California Family Rights Act / FMLA Retaliation Claims

Under CFRA (California Family Rights Act), an employer is generally required to grant an eligible employee’s request to take up to a total of 12 workweeks in any 12-month period for family care and medical leave. CFRA or FMLA leave may be taken because of an employee’s own serious health condition that makes the employee unable to perform the functions of the position of that employee. A “serious health condition” means “an illness, injury, impairment, or physical or mental condition” that involves either “inpatient care in a hospital, hospice, or residential health care facility” or “continuing treatment or continuing supervision by a health care provider.” (Gov. Code, ยง 12945.2(c)(8).)

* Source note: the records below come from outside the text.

lemma gauge_triangle: "\<gamma> (y + z) \<le> \<gamma> y + \<gamma> z"
proof (rule field_le_epsilon)
  fix e :: real
  assume e: "e > 0"
  define s t where "s = \<gamma> y + e / 2" and "t = \<gamma> z + e / 2"
  have s: "s > 0" and t: "t > 0"
    using gauge_nonneg[of y] gauge_nonneg[of z] e by (auto simp: s_def t_def)
  have ys: "(1 / s) *\<^sub>R y \<in> B" and zt: "(1 / t) *\<^sub>R z \<in> B"
    using gauge_le_iff[OF s, of y] gauge_le_iff[OF t, of z] e by (auto simp: s_def t_def)
  have "(1 / (s + t)) *\<^sub>R (y + z) = (s / (s + t)) *\<^sub>R ((1 / s) *\<^sub>R y) + (t / (s + t)) *\<^sub>R ((1 / t) *\<^sub>R z)"
    using s t by (simp add: scaleR_add_right)
  also have "\<dots> \<in> B"
    using s t by (intro convexD[OF convex_B ys zt]) (simp_all add: add_divide_distrib[symmetric])
  finally have "\<gamma> (y + z) \<le> s + t"
    using gauge_le_iff[of "s + t" "y + z"] s t by simp
  then show "\<gamma> (y + z) \<le> \<gamma> y + \<gamma> z + e" by (simp add: s_def t_def)
qed

lemma gauge_diff_le: "\<gamma> y - \<gamma> z \<le> \<gamma> (y - z)"
  using gauge_triangle[of "y - z" z] by simp

lemma gauge_le_norm: "\<exists>M>0. \<forall>y. \<gamma> y \<le> M * norm y"
proof -
  obtain \<rho> where \<rho>: "\<rho> > 0" "cball 0 \<rho> \<subseteq> B"
    using zero_in_interior_B mem_interior_cball by blast
  have "\<gamma> y \<le> (1 / \<rho>) * norm y" for y
  proof (cases "y = 0")
    case False
    then have t: "norm y / \<rho> > 0" using \<rho> by simp
    have "(1 / (norm y / \<rho>)) *\<^sub>R y \<in> cball 0 \<rho>" using False \<rho> by simp
    then have "\<gamma> y \<le> norm y / \<rho>" using gauge_le_iff[OF t] \<rho>(2) by blast
    then show ?thesis by simp
  qed simp
  then show ?thesis using \<rho> by (intro exI[of _ "1 / \<rho>"]) simp
qed

lemma norm_le_gauge: "\<exists>R>0. \<forall>y. norm y \<le> R * \<gamma> y"
proof -
  obtain R where R: "R > 0" "\<And>x. x \<in> B \<Longrightarrow> norm x \<le> R"
    using compact_B compact_imp_bounded bounded_pos by metis
  have "norm y \<le> R * \<gamma> y" for y
  proof (rule field_le_epsilon)
    fix e :: real
    assume e: "e > 0"
    define t where "t = \<gamma> y + e / R"
    have t: "t > 0" using gauge_nonneg[of y] e R by (simp add: t_def add_nonneg_pos)
    have "(1 / t) *\<^sub>R y \<in> B"
      using gauge_le_iff[OF t, of y] e R by (simp add: t_def)
    then have "norm ((1 / t) *\<^sub>R y) \<le> R" by (rule R(2))
    then have "norm y \<le> R * t" using t by (simp add: divide_le_eq mult.commute)
    then show "norm y \<le> R * \<gamma> y + e" using R by (simp add: t_def algebra_simps)
  qed
  then show ?thesis using R by blast
qed

lemma gauge_pos:
  assumes "y \<noteq> 0"
  shows "\<gamma> y > 0"
proof -
  obtain R where R: "R > 0" "norm y \<le> R * \<gamma> y" using norm_le_gauge by blast
  have "0 < norm y" using assms by simp
  with R(2) have "0 < R * \<gamma> y" by linarith
  with R(1) show ?thesis by (simp add: zero_less_mult_iff)
qed

lemma continuous_on_gauge: "continuous_on S \<gamma>"
proof -
  obtain M where M: "M > 0" "\<And>y. \<gamma> y \<le> M * norm y" using gauge_le_norm by blast
  have "\<bar>\<gamma> y - \<gamma> z\<bar> \<le> M * norm (y - z)" for y z
    using gauge_diff_le[of y z] gauge_diff_le[of z y] M(2)[of "y - z"] M(2)[of "z - y"]
    by (simp add: norm_minus_commute)
  then have "M-lipschitz_on S \<gamma>"
    using M(1) by (intro lipschitz_onI) (auto simp: dist_norm dist_real_def)
  then show ?thesis by (rule lipschitz_on_continuous_on)
qed

lemma compact_gauge_sphere: "compact {y. \<gamma> y = 1}"
proof -
  obtain R where R: "\<And>y. norm y \<le> R * \<gamma> y" using norm_le_gauge by blast
  have "\<forall>y\<in>{y. \<gamma> y = 1}. norm y \<le> R" using R by (metis mem_Collect_eq mult.right_neutral)
  then have "bounded {y. \<gamma> y = 1}" unfolding bounded_iff by blast
  moreover have "closed {y. \<gamma> y = 1}"
    using continuous_on_gauge by (intro closed_Collect_eq continuous_intros) auto
  ultimately show ?thesis by (simp add: compact_eq_bounded_closed)
qed

lemma bounded_subset_gauge_ball:
  assumes "bounded K"
  shows "\<exists>r\<ge>0. \<forall>x\<in>K. \<gamma> x \<le> r"
proof -
  obtain c where "c > 0" and c: "\<And>x. x \<in> K \<Longrightarrow> norm x \<le> c"
    using assms bounded_pos by blast
  obtain M where M: "M > 0" "\<And>y. \<gamma> y \<le> M * norm y" using gauge_le_norm by blast
  have "\<gamma> x \<le> M * c" if "x \<in> K" for x
    using M(2)[of x] mult_left_mono[OF c[OF that] less_imp_le[OF M(1)]] by linarith
  moreover have "M * c \<ge> 0" using M(1) \<open>c > 0\<close> by simp
  ultimately show ?thesis by blast
qed

section \<open>Supporting functionals and extreme points\<close>

definition dual_ball :: "'a set" where
  "dual_ball = {g. \<forall>z. g \<bullet> z \<le> \<gamma> z}"

lemma dual_ball_inner_le: "g \<in> dual_ball \<Longrightarrow> g \<bullet> v \<le> \<gamma> v"
  by (simp add: dual_ball_def)

lemma dual_ball_inner_ge: "g \<in> dual_ball \<Longrightarrow> - \<gamma> v \<le> g \<bullet> v"
  using dual_ball_inner_le[of g "- v"] by simp

lemma extreme_point_supported:
  assumes "e extreme_point_of B"
  shows "\<exists>g\<in>dual_ball. g \<bullet> e = 1"
proof -
  have eB: "e \<in> B" using assms by (simp add: extreme_point_of_def)
  have "B \<noteq> {e}" using zero_in_interior_B by auto
  then have "e \<notin> rel_interior B" using extreme_point_not_in_REL_INTERIOR assms by blast
  then obtain a where a: "a \<noteq> 0" "\<And>y. y \<in> closure B \<Longrightarrow> a \<bullet> e \<le> a \<bullet> y"
      "\<And>y. y \<in> rel_interior B \<Longrightarrow> a \<bullet> e < a \<bullet> y"
    using supporting_hyperplane_relative_frontier[OF convex_B closure_subset[THEN subsetD, OF eB]]
    by blast
  have "0 \<in> rel_interior B" using zero_in_interior_B interior_subset_rel_interior by blast
  then have ae: "a \<bullet> e < 0" using a(3) by fastforce
  define g where "g = (1 / (a \<bullet> e)) *\<^sub>R a"
  have gB: "g \<bullet> y \<le> 1" if "y \<in> B" for y
    using a(2)[of y] that closure_subset ae by (auto simp: g_def divide_le_eq)
  have "g \<bullet> y \<le> \<gamma> y" for y
  proof (cases "y = 0")
    case False
    then have t: "\<gamma> y > 0" by (rule gauge_pos)
    have "(1 / \<gamma> y) *\<^sub>R y \<in> B" using gauge_le_iff[OF t, of y] by simp
    then have "g \<bullet> ((1 / \<gamma> y) *\<^sub>R y) \<le> 1" by (rule gB)
    then show ?thesis using t by (simp add: divide_le_eq)
  qed simp
  moreover have "g \<bullet> e = 1" using ae by (simp add: g_def)
  ultimately show ?thesis by (auto simp: dual_ball_def)
qed

lemma gauge_extreme_point:
  assumes "e extreme_point_of B"
  shows "\<gamma> e = 1"
proof -
  have "\<gamma> e \<le> 1" using assms gauge_le_one_iff by (simp add: extreme_point_of_def)
  moreover obtain g where "g \<in> dual_ball" "g \<bullet> e = 1"
    using extreme_point_supported[OF assms] by blast
  then have "1 \<le> \<gamma> e" using dual_ball_inner_le by metis
  ultimately show ?thesis by linarith
qed

lemma extreme_points_accumulate:
  assumes "\<not> polytope B"
  obtains z where "\<gamma> z = 1" "z islimpt {x. x extreme_point_of B}"
proof -
  let ?E = "{x. x extreme_point_of B}"
  have "infinite ?E"
    using Krein_Milman_Minkowski[OF compact_B convex_B] assms unfolding polytope_def by auto
  moreover have "?E \<subseteq> B" by (auto simp: extreme_point_of_def)
  ultimately obtain z where "z \<in> B" "z islimpt ?E"
    using compact_B unfolding compact_eq_Bolzano_Weierstrass by blast
  moreover have "?E \<subseteq> {y. \<gamma> y = 1}" using gauge_extreme_point by blast
  ultimately have "z islimpt {y. \<gamma> y = 1}" using islimpt_subset by blast
  moreover have "closed {y. \<gamma> y = 1}" using compact_gauge_sphere compact_imp_closed by blast
  ultimately have "\<gamma> z = 1" using closed_limpt by blast
  with \<open>z islimpt ?E\<close> show ?thesis using that by blast
qed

Thus, for instance, such a common illness as diabetes qualifies as a “serious health condition” within the meaning of CFRA, because the definition includes any illness that involves “continuing treatment or continuing supervision by a health care provider” or a chronic serious health condition which requires periodic visits for treatment to a healthcare provider, which continues over an extended period of time and which may cause episodic rather than a continuing period of incapacity, such as asthma, diabetes, and epilepsy.

In Dudley v. Dept. of Transportation, 90 Cal.App.4th 255 (2001), the court made it clear that it is unlawful to fire or otherwise retaliate (demote, suspend, discipline, etc..) against an employee for exercising his right to FMLA / CFRA leave. Further, the court held, the fact that an employee exhausted his leave rights before being terminated does not necessary change the fact that the termination was considered workplace retaliation and thus unlawful.